El 6 de abril de 2026, la SCJN emitió una sentencia de trascendencia estructural al resolver la Acción de Inconstitucionalidad 58/2022. El tribunal validó el artículo 116 Bis 2 de la Ley de Instituciones de Crédito, facultando a la UIF para inmovilizar activos ante la sospecha de ilicitud sin requerir orden judicial ni petición internacional. Este fallo redefine el equilibrio entre la seguridad financiera y los derechos individuales en un entorno de digitalización económica acelerada.

Para comprender este giro, debe recordarse el criterio previo. Bajo la jurisprudencia 2ª./J. 46/2018, la Corte consideraba inconstitucional el bloqueo unilateral si no derivaba estrictamente de compromisos internacionales. Aquella doctrina exigía el control de un juez o una solicitud formal de asistencia extranjera para validar la afectación patrimonial, asegurando que la medida tuviera un sustento de cooperación internacional.

La arquitectura jurídica mexicana evolucionó para enfrentar flujos ilícitos sofisticados, argumentando que depender de requerimientos foráneos paralizaba la inteligencia doméstica ante esquemas de corrupción locales. En respuesta, la reforma de 2022 a la LIC introdujo un procedimiento de audiencia administrativa. El fallo de 2026 validó este diseño, clasificando el bloqueo como una medida cautelar administrativa inmediata para proteger el sistema financiero, no como una sanción penal anticipada.

Este criterio se alinea con las Recomendaciones 4 y 6 del GAFI, que exigen a los Estados congelar activos vinculados al terrorismo "sin demora". La Corte reconoció que, en una economía digital de trazabilidad absoluta, el control judicial previo resulta inoperante ante la velocidad con la que se atomizan los activos ilícitos. Por ello, se emancipó a la UIF del tutelaje judicial preliminar, validando la sospecha basada en modelos de riesgo nacionales como fundamento suficiente para la actuación coercitiva.

Desde la política criminal, el cambio de criterio responde a la necesidad de actuar con la agilidad que el blanqueo de capitales exige. Un sistema dependiente de la cooperación internacional subordinaba la soberanía nacional y era inoperante frente a la realidad local. No obstante, la legitimidad del objetivo no subsana la precariedad del método, que debilita la seguridad jurídica de los usuarios financieros.

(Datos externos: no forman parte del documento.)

text \<open>Set-germs at 0 in R^n are represented by subsets of real^'n.\<close>

definition Dir :: "(real^'n) set \<Rightarrow> (real^'n) set" where
  "Dir A = {a. \<exists>x::nat \<Rightarrow> real^'n. (\<forall>i. x i \<in> A - {0}) \<and> x \<longlonglongrightarrow> 0 \<and>
              (\<lambda>i. x i /\<^sub>R norm (x i)) \<longlonglongrightarrow> a}"

definition LD :: "(real^'n) set \<Rightarrow> (real^'n) set" where
  "LD A = {t *\<^sub>R a | t a. a \<in> Dir A \<and> t \<ge> 0}"

text \<open>Condition (SSP)-relative to B; the standing requirement D(A) \<subseteq> D(B)
  is included as part of the condition.\<close>
definition SSP_rel :: "(real^'n) set \<Rightarrow> (real^'n) set \<Rightarrow> bool" where
  "SSP_rel A B \<longleftrightarrow> Dir A \<subseteq> Dir B \<and>
     (\<forall>a::nat \<Rightarrow> real^'n. (\<forall>m. a m \<in> B - {0}) \<and> a \<longlonglongrightarrow> 0 \<and>
        (\<exists>d\<in>Dir A. (\<lambda>m. a m /\<^sub>R norm (a m)) \<longlonglongrightarrow> d) \<longrightarrow>
        (\<exists>b::nat \<Rightarrow> real^'n. (\<forall>m. b m \<in> A) \<and>
           (\<lambda>m. norm (a m - b m) / norm (a m)) \<longlonglongrightarrow> 0 \<and>
           (\<lambda>m. norm (a m - b m) / norm (b m)) \<longlonglongrightarrow> 0))"

definition SSP :: "(real^'n) set \<Rightarrow> bool" where
  "SSP A \<longleftrightarrow> SSP_rel A UNIV"

end

theory Submission
  imports Defs
begin

text \<open>Call sequences a, b asymptotically close if |a_m - b_m| = o(|a_m|). This is
  an equivalence relation that preserves limit directions, and bi-Lipschitz maps fixing 0 preserve
  it. By compactness of the sphere, applied along subsequences, every sequence of A tending to 0 is
  asymptotically close to one of LD(A) (rescale a nearby limit direction), and under (SSP) every
  sequence of LD(A) tending to 0 is asymptotically close to one of A. Hence h(A) and h(LD(A))
  approximate each other: they have the same directions, and (SSP)-relative to B passes from one
  to the other by transitivity of asymptotic closeness.\<close>

definition asymp_close :: "(nat \<Rightarrow> 'a::real_normed_vector) \<Rightarrow> (nat \<Rightarrow> 'a) \<Rightarrow> bool" where
  "asymp_close a b \<longleftrightarrow> (\<forall>e>0. \<forall>\<^sub>F m in sequentially. norm (a m - b m) \<le> e * norm (a m))"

La práctica forense revela que delegar la notificación en los bancos —sin aviso personal de la autoridad— genera una penumbra informativa que obstaculiza la defensa. Además, la carga dinámica de la prueba obliga al afectado a demostrar la licitud de sus recursos ante indicios unilaterales y bajo plazos asfixiantes. Este pragmatismo preventivo desplaza la presunción de inocencia, arriesgando la viabilidad económica del sector formal.

En última instancia, México ha dado un paso decisivo hacia la eficacia punitiva administrativa, pero ha dejado pendiente la consolidación de un sistema integral de pesos y contrapesos. Para que este nuevo paradigma no degenere en arbitrariedad, es imperativo construir un andamiaje de control posterior mucho más robusto que el actual. El sostenimiento de este modelo dependerá de la integridad técnica de la Secretaría de Hacienda y de la creación de mecanismos claros de rendición de cuentas y reparación del daño para los casos en que la sospecha resulte infundada.